No matter where you are in the U.S. if you are a stem cell clinic it is highly risky to be selling SVF given the legal uncertainty.

Meanwhile, everyone awaits word from the Ninth Circuit.

The Goldwater Institute on Cell Surgical Network case

The importance of this current appeals case has been further highlighted by some heavy hitters filing amicus briefs one way or another. Earlier this summer, we saw ISSCR and ISCT, two of the most important cell therapy organizations, make joint statements in support of the FDA:

Now more groups have weighed in including The Goldwater Institute. Another less well-known group, called the Association of American Physicians and Surgeons, made similar arguments as Goldwater in its new amicus too. Both are opposed to FDA oversight here.

Free cell therapies from all regulation?

In their amicus brief The Goldwater Institute outlined their reasoning. Here are their three main points and my thoughts on each.

1. “For the FDA to treat biological materials and surgical procedures like drugs is a regulatory mismatch and needlessly harms patients.” The reality here is that biological materials can be drugs. This not only includes cells but also other biologics such as growth factors, antibodies, etc. The FDA has been conducting oversight of biological drugs for a very long time. Certainly stem cells and other cell products can be drugs, particularly if they are extensively different from the tissues from which they are extracted. That difference is clearly apparent in the case with SVF vs. endogenous adipose tissue. SVF does not exist in the human body. It’s a laboratory creation. Bernal got this very wrong and Goldwater has it wrong too.

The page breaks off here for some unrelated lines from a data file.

(* Let $\{\Delta_1,\dots,\Delta_s\}$ be a nef-partition in $M_\mathbb{R}$ with $\operatorname{Conv}(\cup_i\Delta_i)$ reflexive, let $K\subset\overline M_\mathbb{R}$ be its associated cone and $\deg^\vee=(1,\dots,1;0)$. Let $\{\tilde\Delta_1,\dots,\tilde\Delta_s\}$ be another nef-partition of $\operatorname{Conv}(\cup_i\Delta_i)$. Then there exist nonzero $\tilde e_1,\dots,\tilde e_s\in K^\vee\cap\overline N$ with $\sum_i\tilde e_i=\deg^\vee$ such that $\tilde\Delta_i=p(\tilde S_i)$ for all $i$ (i.e. $\{\tilde\Delta_i\}$ is obtained from the reflexive Gorenstein cone), if and only if, after renumbering the $\tilde\Delta_i$, the divisors $\tilde{\mathcal L}_i$ and $\mathcal L_i$ on $X(\Sigma)$ are linearly equivalent for every $i$.
   Context: $M\cong\mathbb{Z}^d$, $N$ its dual. A nef-partition (of length $s$) of $\operatorname{Conv}(\cup_i\Delta_i)$ is a collection of lattice polytopes $\Delta_1,\dots,\Delta_s\subset M_\mathbb{R}$, each containing $0$, whose Minkowski sum is a reflexive polytope (a lattice polytope with $0$ in its interior whose dual $\{y:\langle x,y\rangle\ge-1\ \forall x\}$ is a lattice polytope). $\overline M=\mathbb{Z}^s\oplus M$, $\overline N=\mathbb{Z}^s\oplus N$ with the natural pairing; $p:\overline M\to M$ the projection. $K=\{(a_1,\dots,a_s;x):a_i\ge0,\ x\in\sum a_i\Delta_i\}$, $K^\vee$ its dual cone in $\overline N_\mathbb{R}$. For such $\tilde e_i$, $\tilde S_i=\{x\in K:\langle x,\tilde e_i\rangle=1,\ \langle x,\tilde e_j\rangle=0\ (j\ne i)\}$. $\Sigma=\{0\}\cup\{\mathbb{R}_{\ge0}\theta:\theta\text{ a face of }\operatorname{Conv}(\cup_i\Delta_i)\}$, a fan in $M_\mathbb{R}$ defining the toric variety $X(\Sigma)$; for a vertex $\rho$ of $\operatorname{Conv}(\cup\Delta_i)$, $D_\rho$ is the torus-invariant divisor of the ray $\mathbb{R}_{\ge0}\rho$. $\mathcal L_i=\sum_{\rho\in\operatorname{Ver}(\Delta_i)\setminus\{0\}}D_\rho$ and $\tilde{\mathcal L}_i=\sum_{\rho\in\operatorname{Ver}(\tilde\Delta_i)\setminus\{0\}}D_\rho$, where $\operatorname{Ver}$ denotes the vertex set. *)

theory Defs
  imports "HOL-Analysis.Analysis"
begin

text \<open>M_R = real^'d (M = integer points), the index set of a nef-partition is the
finite type 's.  Overline M_R = (real^'s) \<times> (real^'d), with the product inner product
as the natural pairing.\<close>

definition lattice_pt :: "real^'d \<Rightarrow> bool" where
  "lattice_pt x \<longleftrightarrow> (\<forall>i. x $ i \<in> \<int>)"

definition lattice_pt2 :: "(real^'s) \<times> (real^'d) \<Rightarrow> bool" where
  "lattice_pt2 y \<longleftrightarrow> (\<forall>i. fst y $ i \<in> \<int>) \<and> lattice_pt (snd y)"

definition lattice_polytope :: "(real^'d) set \<Rightarrow> bool" where
  "lattice_polytope P \<longleftrightarrow> (\<exists>S. finite S \<and> (\<forall>x\<in>S. lattice_pt x) \<and> P = convex hull S)"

2. “Allowing the FDA to regulate an individual’s own cells as a drug encroaches on patients’ medical autonomy.” This argument may be summed up as the old “our bodies, our cells” mentality. Even autologous biological products (e.g., a patient’s own cells) can become drugs and those that are drugs need oversight, such as for safety considerations. Sponsors also need rigorous evidence of efficacy. Often the FDA is best able to impartially make such determinations. Yes, patients should have autonomy in many cases, but that is not universal.

3. “Permitting the FDA to treat a surgical procedure as the manufacture of a drug intrudes upon state power to oversee the practice of medicine.” In my view, the type of procedure in question is not strictly a surgical one as it also includes a cell therapy manufacturing component. Using SVF is not equivalent to taking a blood vessel from one part of the body and using it as a graft into another part, which is a common example cited by those pushing against the FDA. The blood vessel in that procedure is the same as it was in the body originally.

Finally, I don’t see why only states should regulate this process. Do attorneys out there care to comment?

Looking ahead

As most of you know, I’m not an attorney. As a scientist, I don’t see how these three arguments hold water. However, as we saw with Judge Bernal here in California, judges can and do see things differently sometimes.

I hope the Ninth Circuit is logical, does its homework on the science, and puts patient safety and well-being first. Not all FDA oversight is bad, no matter what some folks claim.

Any thoughts on how the appeal will go?